**TASK INPUTS**
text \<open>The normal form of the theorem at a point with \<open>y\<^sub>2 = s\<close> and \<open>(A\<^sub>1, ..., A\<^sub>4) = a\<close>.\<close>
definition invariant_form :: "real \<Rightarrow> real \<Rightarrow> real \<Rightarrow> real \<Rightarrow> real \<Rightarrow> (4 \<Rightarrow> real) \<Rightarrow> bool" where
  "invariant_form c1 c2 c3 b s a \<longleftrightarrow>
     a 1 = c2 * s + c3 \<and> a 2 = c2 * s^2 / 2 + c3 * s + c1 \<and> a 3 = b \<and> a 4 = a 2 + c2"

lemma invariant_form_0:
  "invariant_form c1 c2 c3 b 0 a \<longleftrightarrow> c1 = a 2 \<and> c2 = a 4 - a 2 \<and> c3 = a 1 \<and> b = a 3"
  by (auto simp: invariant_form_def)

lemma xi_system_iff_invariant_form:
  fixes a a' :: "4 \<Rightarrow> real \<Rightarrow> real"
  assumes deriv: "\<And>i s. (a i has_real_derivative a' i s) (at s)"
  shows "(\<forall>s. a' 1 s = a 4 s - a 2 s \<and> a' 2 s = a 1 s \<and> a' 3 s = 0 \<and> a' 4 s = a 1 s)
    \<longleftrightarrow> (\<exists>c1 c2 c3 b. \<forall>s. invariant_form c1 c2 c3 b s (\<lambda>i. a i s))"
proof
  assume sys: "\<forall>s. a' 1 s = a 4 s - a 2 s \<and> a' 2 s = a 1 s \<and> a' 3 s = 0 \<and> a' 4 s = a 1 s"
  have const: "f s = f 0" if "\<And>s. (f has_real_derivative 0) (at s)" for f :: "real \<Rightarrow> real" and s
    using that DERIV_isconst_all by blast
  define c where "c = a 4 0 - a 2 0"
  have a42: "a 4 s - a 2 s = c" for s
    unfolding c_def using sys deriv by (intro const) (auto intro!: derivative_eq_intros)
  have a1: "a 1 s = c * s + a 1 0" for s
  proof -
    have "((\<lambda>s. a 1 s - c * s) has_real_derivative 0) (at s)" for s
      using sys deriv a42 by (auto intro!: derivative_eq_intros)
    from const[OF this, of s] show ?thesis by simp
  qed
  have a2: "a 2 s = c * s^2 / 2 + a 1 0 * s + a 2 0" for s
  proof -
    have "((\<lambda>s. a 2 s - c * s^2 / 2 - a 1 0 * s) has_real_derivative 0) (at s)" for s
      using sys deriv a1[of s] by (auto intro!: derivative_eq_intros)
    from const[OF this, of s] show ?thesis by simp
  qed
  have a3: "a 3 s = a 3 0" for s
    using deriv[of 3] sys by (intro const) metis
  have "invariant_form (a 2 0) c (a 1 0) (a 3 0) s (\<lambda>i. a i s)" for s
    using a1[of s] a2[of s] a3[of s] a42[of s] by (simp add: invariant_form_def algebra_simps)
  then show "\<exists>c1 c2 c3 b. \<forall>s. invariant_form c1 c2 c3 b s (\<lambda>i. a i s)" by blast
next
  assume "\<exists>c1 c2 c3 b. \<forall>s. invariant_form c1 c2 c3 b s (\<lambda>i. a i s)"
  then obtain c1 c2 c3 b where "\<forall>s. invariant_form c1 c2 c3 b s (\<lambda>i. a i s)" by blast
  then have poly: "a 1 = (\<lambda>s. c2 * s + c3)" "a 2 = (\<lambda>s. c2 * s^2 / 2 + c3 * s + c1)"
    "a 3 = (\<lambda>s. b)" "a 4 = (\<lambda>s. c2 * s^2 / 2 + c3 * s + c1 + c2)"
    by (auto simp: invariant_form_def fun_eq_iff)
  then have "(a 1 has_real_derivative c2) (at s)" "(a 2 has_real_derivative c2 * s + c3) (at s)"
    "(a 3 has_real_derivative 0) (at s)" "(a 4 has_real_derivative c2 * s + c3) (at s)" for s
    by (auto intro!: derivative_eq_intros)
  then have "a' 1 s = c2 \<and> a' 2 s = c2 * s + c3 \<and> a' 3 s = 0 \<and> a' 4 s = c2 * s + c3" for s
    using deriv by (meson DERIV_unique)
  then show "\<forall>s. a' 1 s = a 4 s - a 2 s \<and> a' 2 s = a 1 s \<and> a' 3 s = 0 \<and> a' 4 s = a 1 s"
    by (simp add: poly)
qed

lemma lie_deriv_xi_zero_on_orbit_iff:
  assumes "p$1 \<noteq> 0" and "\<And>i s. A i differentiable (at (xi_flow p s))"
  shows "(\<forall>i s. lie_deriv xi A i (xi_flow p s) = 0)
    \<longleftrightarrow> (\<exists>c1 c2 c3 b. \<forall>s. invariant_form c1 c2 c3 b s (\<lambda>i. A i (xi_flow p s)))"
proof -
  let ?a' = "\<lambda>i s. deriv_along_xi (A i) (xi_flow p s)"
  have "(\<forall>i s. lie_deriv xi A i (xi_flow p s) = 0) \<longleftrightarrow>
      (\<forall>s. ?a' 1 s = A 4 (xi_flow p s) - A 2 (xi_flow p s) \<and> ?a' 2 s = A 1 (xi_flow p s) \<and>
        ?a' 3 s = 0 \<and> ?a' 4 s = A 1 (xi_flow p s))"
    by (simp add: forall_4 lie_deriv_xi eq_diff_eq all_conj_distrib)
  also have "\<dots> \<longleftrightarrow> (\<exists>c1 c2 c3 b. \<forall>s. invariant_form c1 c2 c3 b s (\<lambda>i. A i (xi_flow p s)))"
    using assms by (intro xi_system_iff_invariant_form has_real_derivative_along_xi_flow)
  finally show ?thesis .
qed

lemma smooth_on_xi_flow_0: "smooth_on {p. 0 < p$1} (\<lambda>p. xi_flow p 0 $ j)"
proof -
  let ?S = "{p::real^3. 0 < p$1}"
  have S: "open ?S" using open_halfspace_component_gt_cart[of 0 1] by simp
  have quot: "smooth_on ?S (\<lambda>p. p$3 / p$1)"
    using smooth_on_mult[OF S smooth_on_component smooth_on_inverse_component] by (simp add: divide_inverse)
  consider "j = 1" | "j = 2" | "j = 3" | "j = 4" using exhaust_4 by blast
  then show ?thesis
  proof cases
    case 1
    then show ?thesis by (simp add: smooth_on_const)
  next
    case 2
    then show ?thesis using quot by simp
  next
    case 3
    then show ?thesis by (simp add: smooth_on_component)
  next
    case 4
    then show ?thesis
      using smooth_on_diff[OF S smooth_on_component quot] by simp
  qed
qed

**WORK INSTRUCTIONS**
For this task, write out exactly the lines of the entries above, starting at the line with "0) s (\<lambda>i." and ending at the line with "1 = (\<lambda>s.", both included, and no others.

**RESULT OF THE TASK**
  have "invariant_form (a 2 0) c (a 1 0) (a 3 0) s (\<lambda>i. a i s)" for s
    using a1[of s] a2[of s] a3[of s] a42[of s] by (simp add: invariant_form_def algebra_simps)
  then show "\<exists>c1 c2 c3 b. \<forall>s. invariant_form c1 c2 c3 b s (\<lambda>i. a i s)" by blast
next
  assume "\<exists>c1 c2 c3 b. \<forall>s. invariant_form c1 c2 c3 b s (\<lambda>i. a i s)"
  then obtain c1 c2 c3 b where "\<forall>s. invariant_form c1 c2 c3 b s (\<lambda>i. a i s)" by blast
  then have poly: "a 1 = (\<lambda>s. c2 * s + c3)" "a 2 = (\<lambda>s. c2 * s^2 / 2 + c3 * s + c1)"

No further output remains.